University Hospital Leipzig, Section of Hepatology, Clinic of Gastroenterology and Rheumatology, University Hospital Leipzig, Leipzig, Germany.
Helmholtz Centre for Environmental Research-UFZ, Department of Environmental Microbiology, Leipzig, Germany.
PLoS One. 2018 Jun 13;13(6):e0197319. doi: 10.1371/journal.pone.0197319. eCollection 2018.

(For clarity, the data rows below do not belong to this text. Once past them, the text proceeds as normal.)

(* Let $\omega_0=\min_{|z|=1}\operatorname{Re}\wp(z)$ ($\approx 0.136038$), $\gamma_0=\frac{2}{\pi}\sup_{z\in\mathbb{D}}|\arg\wp(z)|$ ($\approx 0.897828$), and $b=\max_{\theta\in[0,\pi]}T(\theta)$ ($\approx 1.58405$) where $T(\theta)=\dfrac{e^{2\cos\theta}\sin^2(\theta+\sin\theta)}{4(1+e^{\cos\theta}\cos(\theta+\sin\theta))}$. Then: (i) $\mathscr{S}^*_\wp\subset\mathcal{S}^*(\alpha)\subset\mathcal{S}^*$ for $0\le\alpha\le\omega_0$; (ii) $\mathscr{S}^*_\wp\subset\mathcal{M}(\beta)$ for $\beta\ge 1+e$, and $\mathscr{S}^*_\wp\subset\mathcal{S}^*(\omega_0)\cap\mathcal{M}(1+e)$; (iii) $\mathscr{S}^*_\wp\subset\mathcal{SS}^*(\gamma)\subset\mathcal{S}^*$ for $\gamma_0\le\gamma\le 1$; (iv) $\mathscr{S}^*_\wp\subset\mathcal{ST}_p(a)$ for $a\ge b$; (v) $k\text{-}\mathcal{ST}\subset\mathscr{S}^*_\wp$ for $k\ge e-1$.
   Context: $\mathbb{D}$ is the unit disk; $\mathcal{A}$ is the class of analytic $f$ on $\mathbb{D}$ with $f(0)=0$, $f'(0)=1$. For analytic $f,g$, $f\prec g$ means $f=g\circ\omega$ for some analytic $\omega:\mathbb{D}\to\mathbb{D}$ with $\omega(0)=0$. $\wp(z)=1+ze^z$ and $\mathscr{S}^*_\wp=\{f\in\mathcal{A}: zf'(z)/f(z)\prec\wp(z)\}$. $\mathcal{S}^*(\alpha)=\{f\in\mathcal{A}:\operatorname{Re}(zf'/f)>\alpha\}$, $\mathcal{S}^*=\mathcal{S}^*(0)$; $\mathcal{M}(\beta)=\{f\in\mathcal{A}:\operatorname{Re}(zf'/f)<\beta\}$ ($\beta>1$); $\mathcal{SS}^*(\gamma)=\{f\in\mathcal{A}:|\arg(zf'/f)|<\gamma\pi/2\}$ ($0<\gamma\le1$); $k\text{-}\mathcal{ST}=\{f\in\mathcal{A}:\operatorname{Re}(zf'/f)>k|zf'/f-1|\}$ ($k\ge0$); $\mathcal{ST}_p(a)=\{f\in\mathcal{A}:\operatorname{Re}(zf'/f)+a>|zf'/f-a|\}$ ($a>0$). *)

theory Defs
  imports "HOL-Analysis.Analysis"
begin

definition unit_disk :: "complex set" where
  "unit_disk = ball 0 1"

definition classA :: "(complex \<Rightarrow> complex) set" where
  "classA = {f. f holomorphic_on unit_disk \<and> f 0 = 0 \<and> deriv f 0 = 1}"

definition subordinate :: "(complex \<Rightarrow> complex) \<Rightarrow> (complex \<Rightarrow> complex) \<Rightarrow> bool" where
  "subordinate f g \<longleftrightarrow> (\<exists>w. w holomorphic_on unit_disk \<and> w ` unit_disk \<subseteq> unit_disk \<and> w 0 = 0
        \<and> (\<forall>z\<in>unit_disk. f z = g (w z)))"

definition sq :: "(complex \<Rightarrow> complex) \<Rightarrow> complex \<Rightarrow> complex" where
  "sq f z = (if z = 0 then 1 else z * deriv f z / f z)"

definition quot_defined :: "(complex \<Rightarrow> complex) \<Rightarrow> bool" where
  "quot_defined f \<longleftrightarrow> (\<forall>z\<in>unit_disk. z \<noteq> 0 \<longrightarrow> f z \<noteq> 0)"

definition wp :: "complex \<Rightarrow> complex" where
  "wp z = 1 + z * exp z"

definition S_wp :: "(complex \<Rightarrow> complex) set" where
  "S_wp = {f \<in> classA. quot_defined f \<and> subordinate (sq f) wp}"

definition starlike_order :: "real \<Rightarrow> (complex \<Rightarrow> complex) set" where
  "starlike_order \<alpha> = {f \<in> classA. quot_defined f \<and> (\<forall>z\<in>unit_disk. Re (sq f z) > \<alpha>)}"

definition starlike :: "(complex \<Rightarrow> complex) set" where
  "starlike = starlike_order 0"

definition classM :: "real \<Rightarrow> (complex \<Rightarrow> complex) set" where
  "classM \<beta> = {f \<in> classA. quot_defined f \<and> (\<forall>z\<in>unit_disk. Re (sq f z) < \<beta>)}"

definition strongly_starlike :: "real \<Rightarrow> (complex \<Rightarrow> complex) set" where
  "strongly_starlike \<gamma> = {f \<in> classA. quot_defined f \<and>
      (\<forall>z\<in>unit_disk. \<bar>Arg (sq f z)\<bar> < \<gamma> * pi / 2)}"

definition k_ST :: "real \<Rightarrow> (complex \<Rightarrow> complex) set" where
  "k_ST k = {f \<in> classA. quot_defined f \<and>
      (\<forall>z\<in>unit_disk. Re (sq f z) > k * cmod (sq f z - 1))}"

definition ST_p :: "real \<Rightarrow> (complex \<Rightarrow> complex) set" where
  "ST_p a = {f \<in> classA. quot_defined f \<and>
      (\<forall>z\<in>unit_disk. Re (sq f z) + a > cmod (sq f z - of_real a))}"

definition omega0 :: real where
  "omega0 = Inf ((\<lambda>z. Re (wp z)) ` sphere 0 1)"

definition gamma0 :: real where
  "gamma0 = 2 / pi * (SUP z\<in>unit_disk. \<bar>Arg (wp z)\<bar>)"

definition Tfun :: "real \<Rightarrow> real" where
  "Tfun \<theta> = exp (2 * cos \<theta>) * (sin (\<theta> + sin \<theta>))\<^sup>2 /
              (4 * (1 + exp (cos \<theta>) * cos (\<theta> + sin \<theta>)))"

definition b_const :: real where
  "b_const = Sup (Tfun ` {0..pi})"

Patients with liver cirrhosis are susceptible to fungal infections. Due to low sensitivity of culture-based methods, we applied a real-time PCR assay targeting the 18S rRNA gene in combination with direct sequencing and terminal-restriction fragment length polymorphism (T-RFLP) in order to establish a novel tool to detect fungal DNA and to quantify and differentiate Candida DNA, also in polyfungal specimens. In total, 281 samples (blood n = 135, ascites n = 92, duodenal fluid n = 54) from 135 patients with liver cirrhosis and 52 samples (blood n = 26, duodenal fluid n = 26) from 26 control patients were collected prospectively. Candida DNA was quantified in all samples. Standard microbiological culture was performed for comparison. Blood and ascites samples, irrespective of the patient cohort, showed a method-independent low fungal detection rate of approximately 1%, and the Candida DNA content level did not exceed 3.0x10(1) copies ml-1 in any sample. In contrast, in duodenal fluid of patients with liver cirrhosis high fungal detection rates were discovered by using both PCR- and culture-based techniques (81.5% vs. 66.7%; p = 0.123) and the median level of Candida DNA was 3.8x10(5) copies ml-1 (2.3x10(2)-6.3x10(9)). In cirrhosis and controls, fungal positive culture results were confirmed by PCR in 96% and an additional amount of 44% of culture negative duodenal samples were PCR positive. Using T-RFLP analysis in duodenal samples, overall 85% of results from microbial culture were confirmed and in 75% of culture-negative but PCR-positive samples additional Candida species could be identified. In conclusion, PCR-based methods and subsequent differentiation of Candida DNA might offer a quick approach to identifying Candida species without prior cultivation.
肝硬化患者易发生真菌感染。由于基于培养的方法敏感性低,我们应用实时 PCR 检测 18S rRNA 基因,并结合直接测序和末端限制性片段长度多态性(T-RFLP),以建立一种新的工具来检测真菌 DNA,并定量和区分念珠菌 DNA,也可用于多真菌标本。总共前瞻性收集了 135 例肝硬化患者的 281 个样本(血液 n=135,腹水 n=92,十二指肠液 n=54)和 26 例对照患者的 52 个样本(血液 n=26,十二指肠液 n=26)。所有样本均定量检测了念珠菌 DNA。同时进行了标准微生物培养以作比较。无论患者队列如何,血液和腹水样本的真菌检测率均较低,独立方法检测率约为 1%,任何样本的念珠菌 DNA 含量均未超过 3.0x10(1) 拷贝/ml-1。相比之下,肝硬化患者的十二指肠液中使用 PCR 和基于培养的技术检测到高真菌检出率(81.5% vs. 66.7%;p=0.123),念珠菌 DNA 的中位数水平为 3.8x10(5) 拷贝/ml-1(2.3x10(2)-6.3x10(9))。在肝硬化和对照组中,96%的真菌阳性培养结果通过 PCR 得到了确认,另外还发现 44%的培养阴性十二指肠样本 PCR 阳性。在十二指肠样本中使用 T-RFLP 分析,微生物培养的总体 85%结果得到了确认,在 75%的培养阴性但 PCR 阳性样本中,还可以鉴定出其他念珠菌物种。总之,基于 PCR 的方法和随后对念珠菌 DNA 的区分可能提供了一种无需事先培养即可快速识别念珠菌的方法。